Total collagen detection.
E16.5 and P1 control and Fgfr2BM−/− bladders were homogenized in 1 mg/ml pepsin in 0.05 M acetic acid and then incubated in the solution for 48 h at 4°C. The supernatant was collected, and collagen concentration was detected with a Sirius Red Collagen Detection Kit (catalog no. 9062, Chondrex, Redmond, WA) in accordance with the manufacturer's instructions. n = 8 samples/genotype were used in each analysis.
Void stain on paper.
P30 control and Fgfr2BM−/− mice (n = 8) were placed individually in metabolic cages lined with Whatman paper. Mice were given ad libitum access to food and water for a 4-h period. After this period, mice were returned to home cages, Whatman papers were collected, and urine stains were photographed using an ultraviolet light box. All images were subsequently analyzed using ImageJ software.
Bladder sheet assays.
Bladder sheet assays were performed as previously described (13). Briefly, bladders were dissected from male control and Fgfr2BM−/− mice (n = 3 per genotype) and incubated at 37°C for 30 min in Ca2+-free Tyrode solution. After incubation, bladders were cut along the dorsal aspect to form a sheet. Sheets were then pinned to the fixed platform (with the mucosal surface facing up) in the recording chamber, with the dome tied to a stainless steel bar connected to a tension transducer. Contractile activity was measured through a tension transducer attached to an oil hydraulic micromanipulator (Narishige, East Meadow, NY) and computer controlled through a stepper motor to allow precise increments of stretch. Recording chambers were placed on a Peltier block (University of Pittsburgh Machine and Electronics shops) to maintain the temperature at 37 ± 0.5°C and superfused with Tyrode solution at a rate of 1 ml/min. Bladder sheets were stretched to 1 g of resting tension, and all preparations were allowed to equilibrate for at least 30 min.

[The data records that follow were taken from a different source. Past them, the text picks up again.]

text \<open>The potential \<open>H u - H v\<close> has Laplacian \<open>total_degree\<close> times \<open>\<delta>\<^sub>v - \<delta>\<^sub>u\<close>, so its energy
  is \<open>total_degree\<close> times the commute time, while its star at \<open>u\<close> carries a flow of
  \<open>total_degree\<close>, which by Cauchy-Schwarz costs at least \<open>total_degree\<^sup>2 / d u\<close>.\<close>
lemma commute_time_ge:
  assumes u: "u \<in> V" and v: "v \<in> V" and "u \<noteq> v"
  shows "total_degree * (H u v + H v u) \<ge> total_degree\<^sup>2 / d u"
proof -
  define f where "f x = H u x - H v x" for x
  have laplacian_f:
      "laplacian f x = (if x = v then total_degree else 0) - (if x = u then total_degree else 0)"
    if "x \<in> V" for x
    unfolding f_def laplacian_diff using laplacian_H[OF u that] laplacian_H[OF v that] by simp
  define R where "R = (\<Sum>y\<in>V. w u y * (f u - f y)\<^sup>2)"
  have "(\<Sum>y\<in>V. w u y * (f u - f y)) = - total_degree"
    using laplacian_f[OF u] laplacian_eq_sum_diff[OF u] \<open>u \<noteq> v\<close> by simp
  then have "total_degree\<^sup>2 \<le> d u * R"
    using weighted_cauchy_schwarz[OF u, of "\<lambda>y. f u - f y"] unfolding R_def by simp
  then have "total_degree\<^sup>2 / d u \<le> R"
    using d_pos[OF u] by (simp add: divide_le_eq mult.commute)
  also have "R \<le> (\<Sum>x\<in>V. f x * laplacian f x)"
    unfolding R_def by (rule dirichlet_form_ge_star[OF u])
  also have "\<dots> = (\<Sum>x\<in>V. (if x = v then total_degree * f v else 0)
      - (if x = u then total_degree * f u else 0))"
    by (intro sum.cong refl) (auto simp: laplacian_f algebra_simps)
  also have "\<dots> = total_degree * (H u v + H v u)"
    using u v finite_V H_self by (simp add: sum_subtractf f_def algebra_simps)
  finally show ?thesis .
qed
lemma theta_image_alg:
  assumes pres: "\<And>a. a \<in> S \<Longrightarrow> preserves_line v a"
  shows "theta v ` alg S = ealg v (theta v ` S)"
proof
  have "theta v a \<in> ealg v (theta v ` S)" if "a \<in> alg S" for a
    using that
  proof (induction rule: alg.induct)
    case zero
    show ?case by (simp add: theta_zero ealg.zero)
  next
    case (add a b)
    then show ?case by (simp add: theta_add alg_preserves_line[OF pres] ealg.add)
  next
    case (sc a c)
    then show ?case by (simp add: theta_msc alg_preserves_line[OF pres] ealg.sc)
  next
    case (mul a b)
    then show ?case by (simp add: theta_mult alg_preserves_line[OF pres] ealg.mul)
  qed (auto intro: ealg.gen)
  then show "theta v ` alg S \<subseteq> ealg v (theta v ` S)"
    by blast
next
  show "ealg v (theta v ` S) \<subseteq> theta v ` alg S"
  proof
    fix f assume "f \<in> ealg v (theta v ` S)"
    then show "f \<in> theta v ` alg S"
    proof (induction rule: ealg.induct)
      case zero
      show ?case using theta_zero alg.zero by (metis image_eqI)
    next
      case (add f g)
      then obtain a b where ab: "a \<in> alg S" "b \<in> alg S" "f = theta v a" "g = theta v b"
        by auto
      then have "eadd v f g = theta v (a + b)"
        by (simp add: theta_add alg_preserves_line[OF pres])
      then show ?case
        using ab alg.add by blast
    next
      case (sc f c)
      then obtain a where a: "a \<in> alg S" "f = theta v a"
        by auto
      then have "esc v c f = theta v (msc c a)"
        by (simp add: theta_msc alg_preserves_line[OF pres])
      then show ?case
        using a alg.sc by blast
    next
      case (mul f g)
      then obtain a b where ab: "a \<in> alg S" "b \<in> alg S" "f = theta v a" "g = theta v b"
        by auto
      then have "ecomp v f g = theta v (a ** b)"
        by (simp add: theta_mult alg_preserves_line[OF pres])
      then show ?case
        using ab alg.mul by blast
    qed (auto intro: alg.gen)
  qed
qed

section \<open>Commutativity modulo a line\<close>

definition centralizer_mod :: "complex ^ 'm \<Rightarrow> 'm::finite cmat set \<Rightarrow> 'm cmat set" where
  "centralizer_mod v Q = {M. preserves_line v M \<and> (\<forall>N\<in>Q. maps_into_line v (mbr M N))}"

definition scaled_exps :: "'m::finite cmat set \<Rightarrow> 'm cmat set" where
  "scaled_exps S = {msc c (mexp X) | c X. c \<noteq> 0 \<and> X \<in> S}"

lemma centralizer_mod_zero: "0 \<in> centralizer_mod v Q"
  and centralizer_mod_one: "mat 1 \<in> centralizer_mod v Q"
  and centralizer_mod_add:
    "A \<in> centralizer_mod v Q \<Longrightarrow> B \<in> centralizer_mod v Q \<Longrightarrow> A + B \<in> centralizer_mod v Q"
  and centralizer_mod_msc: "A \<in> centralizer_mod v Q \<Longrightarrow> msc c A \<in> centralizer_mod v Q"
  and centralizer_mod_mult:
    "A \<in> centralizer_mod v Q \<Longrightarrow> B \<in> centralizer_mod v Q \<Longrightarrow> A ** B \<in> centralizer_mod v Q"
  by (simp_all add: centralizer_mod_def preserves_line_zero preserves_line_one preserves_line_add
      preserves_line_msc preserves_line_mult maps_into_line_zero maps_into_line_add maps_into_line_msc
      maps_into_line_mult_left maps_into_line_mult_right mbr_add_left mbr_msc_left mbr_matrix_mult_left)

lemma centralizer_mod_sum:
  "(\<And>k. k \<in> K \<Longrightarrow> f k \<in> centralizer_mod v Q) \<Longrightarrow> sum f K \<in> centralizer_mod v Q"
  by (induction K rule: infinite_finite_induct) (auto intro: centralizer_mod_zero centralizer_mod_add)

lemma centralizer_mod_mexp: "A \<in> centralizer_mod v Q \<Longrightarrow> mexp A \<in> centralizer_mod v Q"
proof -
  assume A: "A \<in> centralizer_mod v Q"
  have "mpow A k \<in> centralizer_mod v Q" for k
    by (induction k) (auto intro: centralizer_mod_one centralizer_mod_mult A)
  then show ?thesis
    unfolding mexp_def by (intro centralizer_mod_sum centralizer_mod_msc)
qed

For agonist treatment, α,β-methylene ATP and carbachol were added to equilibrated bladder sheets at physiological concentrations, with the force contraction of the bladder recorded after administration. Bladders were then washed out and returned to equilibrium before subsequent agonist administration. For electrical field stimulation, equilibrated bladder sheets were stimulated at 30-s intervals with increasing electrical frequency ranging from 8 to 20 Hz. Contractile responses of bladders after each stimulation were recorded as previously described in Ref. 13.
In vivo cystometry.
Male P30 control and Fgfr2BM−/− mice were anesthetized with isoflurane and intubated via a small incision using polyethylene-60 tubing. The skull was exposed, and the forepart to the lambdoid suture was removed. The brain stem was sectioned at the supracollicular level, tissues rostral to the section were withdrawn, and anesthesia was discontinued. After supracollicular decerebration, the bladder was exposed via a midline abdominal incision. A flanged polyethylene-50 catheter was passed through a small opening at the apex of the bladder dome and secured with suture. The catheter was connected by a three-way stopcock to an infusion pump (PUMP 33, Harvard Apparatus) and a pressure transducer (World Precision Instruments) joined to a transbridge (4M, World Precision Instruments). Intravesical pressure recordings were made by continuously infusing saline (25°C) at a constant rate of 0.01 ml/min. Mice were observed for voiding, and voiding contractions were marked.
Student's t-tests were conducted where appropriate using GraphPad Prism 5 (GraphPad Software, La Jolla, CA).
Fgfr2 is deleted in the E13.5 Fgfr2BM−/− bladder mesenchyme.
In E13.5 Tbx18creTg/+CAG bladders, RFP was expressed only in the bladder mesenchyme (Fig. 1). Moreover, while in situ hybridization revealed Fgfr2 mRNA expression in both the urothelium and mesenchyme in E13.5 control mice, E13.5 Fgfr2BM−/− mice had selective loss of Fgfr2 in the bladder mesenchyme (Fig. 1). Quantitative PCR revealed an ∼50% reduction in Fgfr2 mRNA in E13.5 Fgfr2BM−/− versus control whole bladders (Fig. 1). In E16.5 control and Fgfr2BM−/− bladders, immunoblot analysis showed reduced phosphorylation of Erk1/2, downstream effectors of Fgfr signaling in Fgfr2BM−/− bladders (likely reflecting the selective loss of Fgfr2 signaling in the mesenchyme; Fig. 1F). Thus, Fgfr2 expression and signaling appear to be deleted in the bladder mesenchyme of Fgfr2BM−/− mice.
E16.5 Fgfr2BM−/− bladders have altered tissue volumes and composition.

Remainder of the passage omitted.